(Saved entries)
——————
(* Consider a sequence of finite populations indexed by $n\to\infty$, each satisfying Assumption 1, Assumption 2 and the null hypothesis $H_0:\ T_i(1)=T_i(0)$ for all $i$, and suppose Condition 2 holds; condition on all potential event times. For each $1\le k\le K$: (i) if the limits of $d_k/n$, $G_1(t_k)$ and $G_0(t_k)$ are all positive and the limit of $h_k$ is less than $1$, then $$\frac{\mathbb{E}(V_k\mid\boldsymbol{T}(1),\boldsymbol{T}(0))}{n}=g_k\phi_k(1-\phi_k)\frac{n_k}{n}h_k(1-h_k)+o(1)\quad\text{and}\quad\frac{V_k}{n}=\frac{\mathbb{E}(V_k\mid\boldsymbol{T}(1),\boldsymbol{T}(0))}{n}+o_{\Pr}(1);$$ (ii) otherwise (at least one of these three limits is zero, or all three are positive but $\lim h_k=1$), $\mathbb{E}(V_k\mid\boldsymbol{T}(1),\boldsymbol{T}(0))/n=o(1)$ and $V_k/n=o_{\Pr}(1)$.
   Context: Unit $i$ ($1\le i\le n$) has potential event times $T_i(1),T_i(0)\ge 0$ (fixed constants), potential censoring times $C_i(1),C_i(0)\in[0,\infty]$, treatment indicator $Z_i\in\{0,1\}$; bold letters denote $n$-vectors. Assumption 1: conditional on all potential event and censoring times, the $Z_i$ are i.i.d. Bernoulli$(p_1)$, $p_1=1-p_0\in(0,1)$. Assumption 2: $(\boldsymbol{C}(1),\boldsymbol{C}(0))$ is independent of $(\boldsymbol{T}(1),\boldsymbol{T}(0))$ and the pairs $(C_i(1),C_i(0))$ are i.i.d. across $i$. $G_z(c)=\Pr(C_i(z)\ge c)$, $G(t)=p_1G_1(t)+p_0G_0(t)$. Realized: $W_i=\min\{T_i,C_i\}$, $\Delta_i=\mathbb{1}(T_i\le C_i)$ with $T_i=Z_iT_i(1)+(1-Z_i)T_i(0)$, $C_i=Z_iC_i(1)+(1-Z_i)C_i(0)$. Let $t_1<\dots<t_K$ be the distinct values of $\{T_i(0)\}$, $d_k=\#\{i:T_i(0)=t_k\}$, $n_k=\#\{i:T_i(0)\ge t_k\}$, $h_k=d_k/n_k$, $g_k=G(t_k)$, $\phi_k=p_1G_1(t_k)/G(t_k)$; $N_{1k},N_{0k}$ the numbers of treated / control units with $W_i\ge t_k$, $N_k=N_{1k}+N_{0k}$, $D_k=\sum_i\Delta_i\mathbb{1}(W_i=t_k)$, $V_k=D_k(N_k-D_k)N_{1k}N_{0k}/\{N_k^2(N_k-1)\}$ (convention $0/0:=0$). Quantities may depend on $n$. Condition 2: as $n\to\infty$, $K$ is fixed, and for $z=0,1$, $1\le k\le K$: $p_z$ has a positive limit; $d_k/n$ has a limit; $G_z(t_k)$ has a limit; and for at least one $k$, $d_k/n$, $G_1(t_k)$, $G_0(t_k)$ have positive limits and $\lim h_k<1$. *)

theory Defs
  imports "HOL-Probability.Probability"
begin

text \<open>Population n has units 0..n-1.  Under H0 the potential event times coincide,
  T n i = T_i(1) = T_i(0) (fixed constants).  Cd n is the common law of the pair
  (C_i(1), C_i(0)) with values in [0,\<infinity>] (ennreal).  p n is p_1.
  Distinct event-time values are indexed 0..K-1 (paper: 1..K).\<close>

definition tpt :: "(nat \<Rightarrow> nat \<Rightarrow> real) \<Rightarrow> nat \<Rightarrow> nat \<Rightarrow> real" where
  "tpt T n k = sorted_list_of_set (T n ` {..<n}) ! k"

definition Kn :: "(nat \<Rightarrow> nat \<Rightarrow> real) \<Rightarrow> nat \<Rightarrow> nat" where
  "Kn T n = card (T n ` {..<n})"

definition dk :: "(nat \<Rightarrow> nat \<Rightarrow> real) \<Rightarrow> nat \<Rightarrow> nat \<Rightarrow> nat" where
  "dk T n k = card {i. i < n \<and> T n i = tpt T n k}"

definition nk :: "(nat \<Rightarrow> nat \<Rightarrow> real) \<Rightarrow> nat \<Rightarrow> nat \<Rightarrow> nat" where
  "nk T n k = card {i. i < n \<and> T n i \<ge> tpt T n k}"

definition hk :: "(nat \<Rightarrow> nat \<Rightarrow> real) \<Rightarrow> nat \<Rightarrow> nat \<Rightarrow> real" where
  "hk T n k = real (dk T n k) / real (nk T n k)"

text \<open>G_z(c) = Pr(C_i(z) \<ge> c); z = True means treatment 1 (first component).\<close>
definition Gz :: "(nat \<Rightarrow> (ennreal \<times> ennreal) measure) \<Rightarrow> nat \<Rightarrow> bool \<Rightarrow> real \<Rightarrow> real" where
  "Gz Cd n z c = measure (Cd n) {x \<in> space (Cd n). ennreal c \<le> (if z then fst x else snd x)}"

definition Gmix :: "(nat \<Rightarrow> real) \<Rightarrow> (nat \<Rightarrow> (ennreal \<times> ennreal) measure) \<Rightarrow> nat \<Rightarrow> real \<Rightarrow> real" where
  "Gmix p Cd n c = p n * Gz Cd n True c + (1 - p n) * Gz Cd n False c"

definition gk where
  "gk p Cd T n k = Gmix p Cd n (tpt T n k)"

definition phik where
  "phik p Cd T n k = p n * Gz Cd n True (tpt T n k) / Gmix p Cd n (tpt T n k)"

text \<open>Probability space of population n: unit i carries (Z_i, (C_i(1), C_i(0))),
  independent across units, Z_i ~ Bernoulli(p_1) independent of the censoring pair
  (Assumptions 1 and 2, conditional on the potential event times).\<close>
definition popM :: "(nat \<Rightarrow> real) \<Rightarrow> (nat \<Rightarrow> (ennreal \<times> ennreal) measure) \<Rightarrow> nat
    \<Rightarrow> (nat \<Rightarrow> bool \<times> ennreal \<times> ennreal) measure" where
  "popM p Cd n = PiM {..<n} (\<lambda>_. measure_pmf (bernoulli_pmf (p n)) \<Otimes>\<^sub>M Cd n)"

definition Zr :: "(nat \<Rightarrow> bool \<times> ennreal \<times> ennreal) \<Rightarrow> nat \<Rightarrow> bool" where
  "Zr \<omega> i = fst (\<omega> i)"

definition Cr :: "(nat \<Rightarrow> bool \<times> ennreal \<times> ennreal) \<Rightarrow> nat \<Rightarrow> ennreal" where
  "Cr \<omega> i = (if Zr \<omega> i then fst (snd (\<omega> i)) else snd (snd (\<omega> i)))"

definition Wr where
  "Wr T n \<omega> i = min (ennreal (T n i)) (Cr \<omega> i)"

definition Deltar where
  "Deltar T n \<omega> i = (ennreal (T n i) \<le> Cr \<omega> i)"

definition N1k where
  "N1k T n k \<omega> = card {i. i < n \<and> Zr \<omega> i \<and> ennreal (tpt T n k) \<le> Wr T n \<omega> i}"

definition N0k where
  "N0k T n k \<omega> = card {i. i < n \<and> \<not> Zr \<omega> i \<and> ennreal (tpt T n k) \<le> Wr T n \<omega> i}"

definition Nk where
  "Nk T n k \<omega> = N1k T n k \<omega> + N0k T n k \<omega>"

definition Dk where
  "Dk T n k \<omega> = card {i. i < n \<and> Deltar T n \<omega> i \<and> Wr T n \<omega> i = ennreal (tpt T n k)}"

text \<open>Division by zero yields 0 in Isabelle, matching the convention 0/0 := 0.\<close>
definition Vk :: "(nat \<Rightarrow> nat \<Rightarrow> real) \<Rightarrow> nat \<Rightarrow> nat \<Rightarrow> (nat \<Rightarrow> bool \<times> ennreal \<times> ennreal) \<Rightarrow> real" where
  "Vk T n k \<omega> = real (Dk T n k \<omega>) * (real (Nk T n k \<omega>) - real (Dk T n k \<omega>))
      * real (N1k T n k \<omega>) * real (N0k T n k \<omega>)
      / ((real (Nk T n k \<omega>))\<^sup>2 * (real (Nk T n k \<omega>) - 1))"

end

(* Fix k and write t = t_k.  The counts D_k, N_1k and N_0k are sums of independent indicators of
   unit-level events, so by Hoeffding's inequality D_k/n, N_1k/n and N_0k/n concentrate around
   d_k g_k/n, n_k p_1 G_1(t)/n and n_k p_0 G_0(t)/n.  Moreover V_k/n = F(D_k/n, N_1k/n, N_0k/n, 1/n)
   for F(d, x, y, w) = d (x + y - d) x y / ((x + y)^2 (x + y - w)), which is continuous at the limit
   point as soon as lim d_k/n > 0 and lim g_k > 0; the continuous mapping theorem then gives
   V_k/n -> F(limits) in probability, and F(limits) is the limit of g_k phi_k (1 - phi_k) (n_k/n) h_k (1 - h_k).
   Otherwise V_k/n is squeezed between 0 and one of D_k/n, N_zk/n or (N_k - D_k)/n, and this bound
   tends to 0 in probability because lim d_k/n = 0, lim G_z(t) = 0 or lim h_k = 1 respectively.
   Since 0 <= V_k/n <= 1, convergence in probability to a constant carries over to expectations. *)

theory Submission
  imports Defs
begin

section \<open>Convergence in probability along a sequence of probability spaces\<close>

definition tendsto_prob :: "(nat \<Rightarrow> 'a measure) \<Rightarrow> (nat \<Rightarrow> 'a \<Rightarrow> 'b::metric_space) \<Rightarrow> (nat \<Rightarrow> 'b) \<Rightarrow> bool"
  where "tendsto_prob M X c \<longleftrightarrow>
    (\<forall>\<epsilon>>0. (\<lambda>n. measure (M n) {\<omega> \<in> space (M n). dist (X n \<omega>) (c n) > \<epsilon>}) \<longlonglongrightarrow> 0)"

lemma tendsto_prob_cover:
  fixes X :: "nat \<Rightarrow> 'a \<Rightarrow> 'b::{metric_space, second_countable_topology}"
    and X' :: "nat \<Rightarrow> 'a \<Rightarrow> 'c::{metric_space, second_countable_topology}"
  assumes prob: "\<And>n. prob_space (M n)"
    and X: "tendsto_prob M X c" "\<And>n. X n \<in> borel_measurable (M n)"
    and X': "tendsto_prob M X' c'" "\<And>n. X' n \<in> borel_measurable (M n)"
    and cover: "\<And>\<epsilon>. \<epsilon> > 0 \<Longrightarrow> \<exists>\<delta>>0. \<forall>\<^sub>F n in sequentially. \<forall>\<omega>\<in>space (M n).
        dist (Y n \<omega>) (d n) > \<epsilon> \<longrightarrow> dist (X n \<omega>) (c n) > \<delta> \<or> dist (X' n \<omega>) (c' n) > \<delta>"
  shows "tendsto_prob M Y d"
  unfolding tendsto_prob_def
proof (intro allI impI)
  fix \<epsilon> :: real assume "\<epsilon> > 0"
  then obtain \<delta> where "\<delta> > 0" and ev: "\<forall>\<^sub>F n in sequentially. \<forall>\<omega>\<in>space (M n).
      dist (Y n \<omega>) (d n) > \<epsilon> \<longrightarrow> dist (X n \<omega>) (c n) > \<delta> \<or> dist (X' n \<omega>) (c' n) > \<delta>"
    using cover by blast
  define A where "A n = {\<omega> \<in> space (M n). dist (X n \<omega>) (c n) > \<delta>}" for n
  define A' where "A' n = {\<omega> \<in> space (M n). dist (X' n \<omega>) (c' n) > \<delta>}" for n
  have "(\<lambda>\<omega>. dist (X n \<omega>) (c n)) \<in> borel_measurable (M n)"
    "(\<lambda>\<omega>. dist (X' n \<omega>) (c' n)) \<in> borel_measurable (M n)" for n
    using X(2) X'(2) by (simp_all add: borel_measurable_dist)
  then have sets: "A n \<in> sets (M n)" "A' n \<in> sets (M n)" for n
    unfolding A_def A'_def by (simp_all add: borel_measurable_iff_greater)
  have "(\<lambda>n. measure (M n) (A n)) \<longlonglongrightarrow> 0" "(\<lambda>n. measure (M n) (A' n)) \<longlonglongrightarrow> 0"
    unfolding A_def A'_def using X(1) X'(1) \<open>\<delta> > 0\<close> by (simp_all add: tendsto_prob_def)
  then have lim: "(\<lambda>n. measure (M n) (A n) + measure (M n) (A' n)) \<longlonglongrightarrow> 0"
    by (rule tendsto_add_zero)
  have bound: "\<forall>\<^sub>F n in sequentially.
      measure (M n) {\<omega> \<in> space (M n). dist (Y n \<omega>) (d n) > \<epsilon>} \<le> measure (M n) (A n) + measure (M n) (A' n)"
    using ev
  proof eventually_elim
    case (elim n)
    interpret prob_space "M n" by (rule prob)
    have "measure (M n) {\<omega> \<in> space (M n). dist (Y n \<omega>) (d n) > \<epsilon>} \<le> measure (M n) (A n \<union> A' n)"
      using elim sets by (intro finite_measure_mono) (auto simp: A_def A'_def)
    also have "\<dots> \<le> measure (M n) (A n) + measure (M n) (A' n)"
      using sets by (rule measure_Un_le)
    finally show ?case .
  qed
  show "(\<lambda>n. measure (M n) {\<omega> \<in> space (M n). dist (Y n \<omega>) (d n) > \<epsilon>}) \<longlonglongrightarrow> 0"
    by (rule tendsto_sandwich[OF always_eventually[OF allI[OF measure_nonneg]] bound tendsto_const lim])
qed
——————
**PROBLEM STATEMENT:**
Above are the records; print exactly the lines from the line with "bool \<Rightarrow> real" to the line with "T n k = Gmix", including both, and nothing else.

**EXERCISE SOLUTION:**
definition Gz :: "(nat \<Rightarrow> (ennreal \<times> ennreal) measure) \<Rightarrow> nat \<Rightarrow> bool \<Rightarrow> real \<Rightarrow> real" where
  "Gz Cd n z c = measure (Cd n) {x \<in> space (Cd n). ennreal c \<le> (if z then fst x else snd x)}"

definition Gmix :: "(nat \<Rightarrow> real) \<Rightarrow> (nat \<Rightarrow> (ennreal \<times> ennreal) measure) \<Rightarrow> nat \<Rightarrow> real \<Rightarrow> real" where
  "Gmix p Cd n c = p n * Gz Cd n True c + (1 - p n) * Gz Cd n False c"

definition gk where
  "gk p Cd T n k = Gmix p Cd n (tpt T n k)"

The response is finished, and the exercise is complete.